Continuity and Resolution — Two Dimensions of Crisis

Something I keep coming back to.

A large part of crisis training focuses on continuity — maintaining operations, protecting assets, restoring activity once the situation begins to stabilise. That work is essential. Organisations need it, and the people who build those systems deserve a lot of respect.

But over the years, I've noticed that another dimension often receives less attention: the resolution of the crisis itself.

By resolution, I don't mean the moment the crisis ends. I mean the active, often messy process of navigating the core problem — the incident at the heart of the situation — when the full picture hasn't emerged yet. How does the team regain clarity? How do they make sense of what is unfolding? How do they move toward a way through, not just a way to hold on?

Continuity asks: "How do we keep going?" Resolution asks: "How do we find a way through?"

They're complementary. Both matter. But they call for different skills, different postures, and sometimes a different tempo.

Continuity tends to draw on established procedures, predefined roles, and rehearsed responses. Resolution, on the other hand, often lives in the space where procedures run out — where the team must reason, adapt, and decide with incomplete information, under emotional pressure, and sometimes with significant consequences.

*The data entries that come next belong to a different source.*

(* Let $(A,W)$ be a $T_1$ Pratt comonoid such that $W$ is closed under complementation (i.e., $x\in W$ implies $A-x\in W$). Then $(A,W)$ is discrete, i.e., $W$ is the set of all subsets of $A$.
   Context: A Pratt comonoid is a pair $(A,W)$ where $A$ is a set and $W$ is a set of subsets of $A$ such that (i) $\emptyset\in W$ and $A\in W$; (ii) whenever $C\subseteq A\times A$ is such that for every $a\in A$ both the $a$-th row $\{b\mid (a,b)\in C\}$ and the $a$-th column $\{b\mid (b,a)\in C\}$ belong to $W$ (such a $C$ is called a crossword over $W$), the diagonal $\{b\mid (b,b)\in C\}$ also belongs to $W$. $(A,W)$ is called $T_1$ if for all distinct $a,b\in A$ there is an element of $W$ containing $a$ but not $b$. It is called discrete if $W$ is the full power set of $A$. *)

theory Defs
  imports Main
begin

definition crossword :: "'a set \<Rightarrow> 'a set set \<Rightarrow> ('a \<times> 'a) set \<Rightarrow> bool" where
  "crossword A W C \<longleftrightarrow> C \<subseteq> A \<times> A \<and>
     (\<forall>a\<in>A. {b. (a, b) \<in> C} \<in> W \<and> {b. (b, a) \<in> C} \<in> W)"

definition pratt_comonoid :: "'a set \<Rightarrow> 'a set set \<Rightarrow> bool" where
  "pratt_comonoid A W \<longleftrightarrow> W \<subseteq> Pow A \<and> {} \<in> W \<and> A \<in> W \<and>
     (\<forall>C. crossword A W C \<longrightarrow> {b. (b, b) \<in> C} \<in> W)"

definition T1_comonoid :: "'a set \<Rightarrow> 'a set set \<Rightarrow> bool" where
  "T1_comonoid A W \<longleftrightarrow> (\<forall>a\<in>A. \<forall>b\<in>A. a \<noteq> b \<longrightarrow> (\<exists>x\<in>W. a \<in> x \<and> b \<notin> x))"

definition discrete_comonoid :: "'a set \<Rightarrow> 'a set set \<Rightarrow> bool" where
  "discrete_comonoid A W \<longleftrightarrow> W = Pow A"

end

theory Submission
  imports Defs
begin

text \<open>The crossword \<open>\<Union>U\<in>D. U \<times> U\<close> shows that a Pratt comonoid is closed under
  disjoint unions, and the crossword \<open>U \<times> V\<close> that it is closed under binary intersections.
  Given complements and \<open>T\<^sub>1\<close>, a maximal disjoint family of open sets avoiding a point \<open>a\<close>
  must cover \<open>A - {a}\<close>: a point \<open>y\<close> left uncovered lies in an open set avoiding \<open>a\<close>, whose
  intersection with the (open) complement of the union could be added to the family. Hence
  every singleton is open, and every subset is a disjoint union of singletons.\<close>

lemma pratt_comonoid_Union_disjoint:
  assumes P: "pratt_comonoid A W" and DW: "D \<subseteq> W" and disj: "pairwise disjnt D"
  shows "\<Union>D \<in> W"
proof -
  have WP: "W \<subseteq> Pow A" and empty: "{} \<in> W"
    and diag: "\<And>C. crossword A W C \<Longrightarrow> {b. (b, b) \<in> C} \<in> W"
    using P unfolding pratt_comonoid_def by auto
  define C where "C = (\<Union>U\<in>D. U \<times> U)"
  have slice: "{b. (x, b) \<in> C} \<in> W \<and> {b. (b, x) \<in> C} \<in> W" for x
  proof (cases "\<exists>U\<in>D. x \<in> U")
    case True
    then obtain U where U: "U \<in> D" "x \<in> U" by blast
    with disj have "{b. (x, b) \<in> C} = U" "{b. (b, x) \<in> C} = U"
      unfolding C_def pairwise_def disjnt_def by blast+
    with U DW show ?thesis by auto
  next
    case False
    then have "{b. (x, b) \<in> C} = {}" "{b. (b, x) \<in> C} = {}" unfolding C_def by blast+
    with empty show ?thesis by simp
  qed
  have "C \<subseteq> A \<times> A" using DW WP unfolding C_def by blast
  with slice have "crossword A W C" unfolding crossword_def by blast
  moreover have "{b. (b, b) \<in> C} = \<Union>D" unfolding C_def by blast
  ultimately show ?thesis using diag by metis
qed

lemma pratt_comonoid_Int:
  assumes P: "pratt_comonoid A W" and U: "U \<in> W" and V: "V \<in> W"
  shows "U \<inter> V \<in> W"
proof -
  have WP: "W \<subseteq> Pow A" and empty: "{} \<in> W"
    and diag: "\<And>C. crossword A W C \<Longrightarrow> {b. (b, b) \<in> C} \<in> W"
    using P unfolding pratt_comonoid_def by auto
  have "{b. (a, b) \<in> U \<times> V} \<in> W" "{b. (b, a) \<in> U \<times> V} \<in> W" for a
    by (cases "a \<in> U"; cases "a \<in> V"; use U V empty in auto)+
  moreover have "U \<times> V \<subseteq> A \<times> A" using U V WP by blast
  ultimately have "crossword A W (U \<times> V)" unfolding crossword_def by blast
  moreover have "{b. (b, b) \<in> U \<times> V} = U \<inter> V" by blast
  ultimately show ?thesis using diag by metis
qed

lemma exists_maximal_disjoint_subfamily:
  "\<exists>M \<subseteq> F. pairwise disjnt M \<and> (\<forall>U\<in>F. U \<inter> \<Union>M = {} \<longrightarrow> U \<in> M)"
proof -
  define \<F> where "\<F> = {M. M \<subseteq> F \<and> pairwise disjnt M}"
  have "\<Union>\<C> \<in> \<F>" if "\<C> \<in> chains \<F>" for \<C>
    using that pairwise_chain_Union[of \<C> disjnt]
    unfolding \<F>_def chains_def chain_subset_def by blast
  then obtain M where M: "M \<in> \<F>" and max: "\<And>N. N \<in> \<F> \<Longrightarrow> M \<subseteq> N \<Longrightarrow> N = M"
    using Zorn_Lemma[of \<F>] by blast
  have "U \<in> M" if "U \<in> F" "U \<inter> \<Union>M = {}" for U
  proof -
    have "insert U M \<in> \<F>"
      using M that unfolding \<F>_def by (auto simp: pairwise_insert disjnt_def)
    with max show ?thesis by blast
  qed
  with M show ?thesis unfolding \<F>_def by blast
qed

lemma pratt_comonoid_Diff_singleton:
  assumes P: "pratt_comonoid A W" and T1: "T1_comonoid A W"
    and compl: "\<forall>x\<in>W. A - x \<in> W" and a: "a \<in> A"
  shows "A - {a} \<in> W"
proof -
  have WP: "W \<subseteq> Pow A" using P unfolding pratt_comonoid_def by auto
  obtain M where MF: "M \<subseteq> {U \<in> W. a \<notin> U}" and disj: "pairwise disjnt M"
    and max: "\<forall>U \<in> {U \<in> W. a \<notin> U}. U \<inter> \<Union>M = {} \<longrightarrow> U \<in> M"
    using exists_maximal_disjoint_subfamily[of "{U \<in> W. a \<notin> U}"] by (elim exE conjE)
  have UM: "\<Union>M \<in> W" using pratt_comonoid_Union_disjoint[OF P _ disj] MF by blast
  have "y \<in> \<Union>M" if y: "y \<in> A - {a}" for y
  proof (rule ccontr)
    assume y_out: "y \<notin> \<Union>M"
    obtain x where x: "x \<in> W" "y \<in> x" "a \<notin> x"
      using T1 y a unfolding T1_comonoid_def by blast
    have "x \<inter> (A - \<Union>M) \<in> W"
      using pratt_comonoid_Int[OF P x(1)] compl UM by blast
    then have "x \<inter> (A - \<Union>M) \<in> M"
      by (intro max[rule_format]) (use x(3) in auto)
    with x(2) y y_out show False by blast
  qed
  moreover have "\<Union>M \<subseteq> A - {a}" using MF WP by blast
  ultimately have "\<Union>M = A - {a}" by blast
  with UM show ?thesis by simp
qed

theorem theorem4p4:
  fixes A :: "'a set" and W :: "'a set set"
  assumes "pratt_comonoid A W"
    and "T1_comonoid A W"
    and "\<forall>x\<in>W. A - x \<in> W"
  shows "discrete_comonoid A W"
proof -
  have WP: "W \<subseteq> Pow A" using assms(1) unfolding pratt_comonoid_def by auto
  have singleton: "{a} \<in> W" if "a \<in> A" for a
  proof -
    have "A - (A - {a}) \<in> W"
      using assms(3) pratt_comonoid_Diff_singleton[OF assms that] by blast
    moreover have "A - (A - {a}) = {a}" using that by blast
    ultimately show ?thesis by simp
  qed
  have "S \<in> W" if "S \<subseteq> A" for S
  proof -
    have "\<Union>((\<lambda>s. {s}) ` S) \<in> W"
      using that singleton
      by (intro pratt_comonoid_Union_disjoint[OF assms(1)]) (auto simp: pairwise_def disjnt_def)
    then show ?thesis by simp
  qed
  with WP show ?thesis unfolding discrete_comonoid_def by blast
qed

end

In my experience, many organisations invest heavily in the first and feel well-prepared. But when the moment comes to actually address the heart of the crisis — to navigate what is truly uncertain — they discover that preparation was thinner than they thought.

This is not a criticism. It's an observation born from years of working alongside teams in those exact moments. The gap is understandable: continuity is easier to structure, easier to train for, easier to measure. Resolution is more human, more contextual, and harder to formalise.

I've spent most of my career working on that second dimension. Not because it's more important — but because I believe it deserves the same attention, the same rigour, and the same investment as the first.

The teams that navigate crisis with the most coherence are often those who have thought about both — and understand where one ends and the other begins.